Walsh L J
Special Needs Dentistry, The University of Queensland School of Dentistry, UQ Oral Health Centre, 288 Herston Road, Herston, QLD 4006, Australia.
Br Dent J. 2017 Aug 11;223(3):151-161. doi: 10.1038/sj.bdj.2017.660.
With an aging population, dentists need to be aware of the risks which come to their elderly patients from retained teeth and exposed root surfaces. Oral health problems in the later years of life are multifactorial, with lifestyle, plaque and salivary factors remaining paramount. Root surface caries is likely to present a challenge in patients with a strong history of past coronal caries (and who have the attendant lifestyle risk factors) as well as in elderly patients who suddenly develop salivary hypofunction. Following a maximum interception approach means that specific efforts are needed to profile salivary, plaque and lifestyle risk factors and ensure that the dentition can be cleaned by the patient and maintained in a way which gives comfort and function as well as aesthetics. Discussions around long-term objectives for oral health are important when there is a sudden decline in general health in the later years of life. It may be appropriate to use tooth surface protection for strategic anterior teeth and apply the shortened dental arch concept where patients cannot readily maintain their own oral health because of frailty or medical conditions. Glass ionomer materials can be used both for root surface protection and for conservative restoration where a minimally invasive preparation has been undertaken. In other cases, arrest of lesions using silver fluoride or CPP-ACP topical treatments can delay or obviate the need for restorative interventions, and forms part of the management of patients in high care units in nursing homes. Involving all members of the healthcare team in supporting oral health is an important strategy to ensure that oral health issues are not overlooked. The challenge is to promote evidence-based self-care. A key message is to promote oral health as part of overall health.
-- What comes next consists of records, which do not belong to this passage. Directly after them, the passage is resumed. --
lemma free_energy_ge:
  assumes "shift_invariant A \<mu>" "\<phi> \<in> borel_measurable (borelX A)" "integrable \<mu> \<phi>"
    and "ereal h \<le> ks_entropy \<mu>"
  shows "ereal (- P + h + integral\<^sup>L \<mu> \<phi>) \<le> free_energy A \<phi> P \<mu>"
proof -
  have "\<mu> \<in> M_phi A \<phi>"
    unfolding M_phi_def
  proof (intro CollectI conjI assms(1))
    have "sets \<mu> = sets (borelX A)" using assms(1) by (simp add: shift_invariant_def prob_on_X_def)
    then show "\<phi> \<in> borel_measurable \<mu>" using assms(2) measurable_cong_sets[of \<mu> "borelX A" borel borel]
      by simp
    have "(\<integral>\<^sup>+ x. ennreal (- \<phi> x) \<partial>\<mu>) \<le> (\<integral>\<^sup>+ x. ennreal (norm (\<phi> x)) \<partial>\<mu>)"
      by (intro nn_integral_mono) (simp add: ennreal_leI)
    also have "\<dots> < \<infinity>" using assms(3) by (simp add: integrable_iff_bounded)
    finally show "(\<integral>\<^sup>+ x. ennreal (- \<phi> x) \<partial>\<mu>) < \<infinity>" .
  qed
  then have "free_energy A \<phi> P \<mu> = ereal (- P) + ks_entropy \<mu> + ereal (integral\<^sup>L \<mu> \<phi>)"
    by (simp add: free_energy_def)
  moreover have "ereal (- P) + ereal h + ereal (integral\<^sup>L \<mu> \<phi>)
      \<le> ereal (- P) + ks_entropy \<mu> + ereal (integral\<^sup>L \<mu> \<phi>)"
    using assms(4) by (intro add_mono order_refl)
  ultimately show ?thesis by simp
qed

lemma gibbs_measure_loops_le:
  assumes "no_zero_rows_cols A" "gibbs_state A \<phi> \<mu> c0 P" "c0 \<ge> 1" "finite U" "U \<noteq> {}" "m > 0"
    and loops: "(\<lambda>u. u @ [a]) ` U \<subseteq> adm_words_ab A (Suc m) a a"
  defines "t u \<equiv> - P * m + Inf (birkhoff m \<phi> ` cyl A u)"
  shows "0 < measure \<mu> (cylset A ((\<lambda>u. u @ [a]) ` U))"
    and "measure \<mu> (cylset A ((\<lambda>u. u @ [a]) ` U)) \<le> c0 * (\<Sum>u\<in>U. exp (t u))"
proof -
  interpret prob_space \<mu> using assms(2) by (simp add: gibbs_state_def prob_on_X_def)
  have sets: "cyl A w \<in> sets \<mu>" for w
    using assms(2) sets_cyl by (simp add: gibbs_state_def prob_on_X_def)
  have adm: "u \<in> adm_words A m" if "u \<in> U" for u
    using loops that by (auto intro: loop_prefix_adm)
  obtain u where u: "u \<in> U" using assms(5) by blast
  have "0 < measure \<mu> (cyl A (u @ [a]))"
    using loops u assms(1-3) by (intro gibbs_cyl_pos[where k="Suc m"]) (auto simp: adm_words_ab_def)
  also have "\<dots> \<le> measure \<mu> (cylset A ((\<lambda>u. u @ [a]) ` U))"
    using u assms(4) sets by (intro finite_measure_mono) (auto simp: cylset_def)
  finally show "0 < measure \<mu> (cylset A ((\<lambda>u. u @ [a]) ` U))" .
  have "cylset A ((\<lambda>u. u @ [a]) ` U) \<subseteq> (\<Union>u\<in>U. cyl A u)"
    by (auto simp: cylset_def cyl_def nth_append)
  then have "measure \<mu> (cylset A ((\<lambda>u. u @ [a]) ` U)) \<le> measure \<mu> (\<Union>u\<in>U. cyl A u)"
    using assms(4) sets by (intro finite_measure_mono) auto
  also have "\<dots> \<le> (\<Sum>u\<in>U. measure \<mu> (cyl A u))"
    using assms(4) sets by (intro finite_measure_subadditive_finite) auto
  also have "\<dots> \<le> (\<Sum>u\<in>U. c0 * exp (t u))"
    unfolding t_def using adm assms(1-3,6)
    by (intro sum_mono gibbs_cyl_le_exp_Inf(2)) auto
  finally show "measure \<mu> (cylset A ((\<lambda>u. u @ [a]) ` U)) \<le> c0 * (\<Sum>u\<in>U. exp (t u))"
    by (simp add: sum_distrib_left)
qed

lemma ln_le_free_energy:
  fixes t :: "'a \<Rightarrow> real" and m :: nat and P :: real
  assumes "finite U" "U \<noteq> {}" "m > 0" "c0 > 0" "p > 0"
    and \<mu>: "shift_invariant A \<mu>" "\<phi> \<in> borel_measurable (borelX A)" "integrable \<mu> \<phi>"
  defines "Z \<equiv> \<Sum>u\<in>U. exp (t u)"
  assumes "p \<le> c0 * Z"
    and entropy: "ereal ((\<Sum>u\<in>U. eta (exp (t u) / Z)) / m) \<le> ks_entropy \<mu>"
    and mean: "(\<Sum>u\<in>U. exp (t u) / Z * (t u + P * m)) \<le> m * integral\<^sup>L \<mu> \<phi>"
  shows "ereal (ln p) \<le> free_energy A \<phi> P \<mu> * ereal (real m) + ereal (ln c0)"
proof -
  let ?H = "\<Sum>u\<in>U. eta (exp (t u) / Z)"
  have Z: "Z > 0" unfolding Z_def using assms(1,2) by (intro sum_pos) auto
  have "(\<Sum>u\<in>U. exp (t u) / Z * (t u + P * m)) = (\<Sum>u\<in>U. exp (t u) / Z * t u) + P * m"
    using Z sum_distrib_right[of "\<lambda>u. exp (t u) / Z" U "P * m"]
    by (simp add: distrib_left sum.distrib Z_def flip: sum_divide_distrib)
  moreover have "m * (- P + ?H / m + integral\<^sup>L \<mu> \<phi>) = - P * m + ?H + m * integral\<^sup>L \<mu> \<phi>"
    using assms(3) by (simp add: field_simps)
  moreover have "ln p \<le> ln (c0 * Z)" using assms(4,5) \<open>p \<le> c0 * Z\<close> Z by simp
  moreover have "ln (c0 * Z) = ln c0 + ?H + (\<Sum>u\<in>U. exp (t u) / Z * t u)"
    using assms(4) Z ln_sum_exp_eq[OF assms(1,2), of t] by (simp add: ln_mult Z_def)
  ultimately have "ereal (ln p) \<le> ereal (- P + ?H / m + integral\<^sup>L \<mu> \<phi>) * ereal (real m) + ereal (ln c0)"
    using mean by (simp add: mult.commute)
  also have "\<dots> \<le> free_energy A \<phi> P \<mu> * ereal (real m) + ereal (ln c0)"
    using free_energy_ge[OF \<mu> entropy] by (intro add_mono order_refl ereal_mult_right_mono) auto
  finally show ?thesis .
qed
随着人口老龄化,牙医需要意识到留存牙齿和暴露牙根表面给老年患者带来的风险。晚年的口腔健康问题是多因素的,生活方式、牙菌斑和唾液因素仍然至关重要。根面龋在有严重冠龋病史(以及伴有相关生活方式风险因素)的患者以及突然出现唾液功能减退的老年患者中可能构成挑战。采取最大程度的预防措施意味着需要做出具体努力来分析唾液、牙菌斑和生活方式风险因素,并确保患者能够清洁牙列,并以提供舒适、功能和美观的方式进行维护。当晚年总体健康突然下降时,围绕口腔健康长期目标的讨论很重要。对于因身体虚弱或健康状况而难以自行保持口腔健康的患者,对关键前牙使用牙面保护措施并应用短牙弓概念可能是合适的。玻璃离子材料可用于牙根表面保护以及在进行微创预备后的保守修复。在其他情况下,使用氟化银或酪蛋白磷酸肽-无定形磷酸钙局部治疗来阻止病变发展,可以延迟或避免进行修复干预,这也是疗养院高护理病房患者管理的一部分。让医疗团队的所有成员参与支持口腔健康是确保口腔健康问题不被忽视的重要策略。挑战在于促进基于证据的自我护理。一个关键信息是将口腔健康作为整体健康的一部分来促进。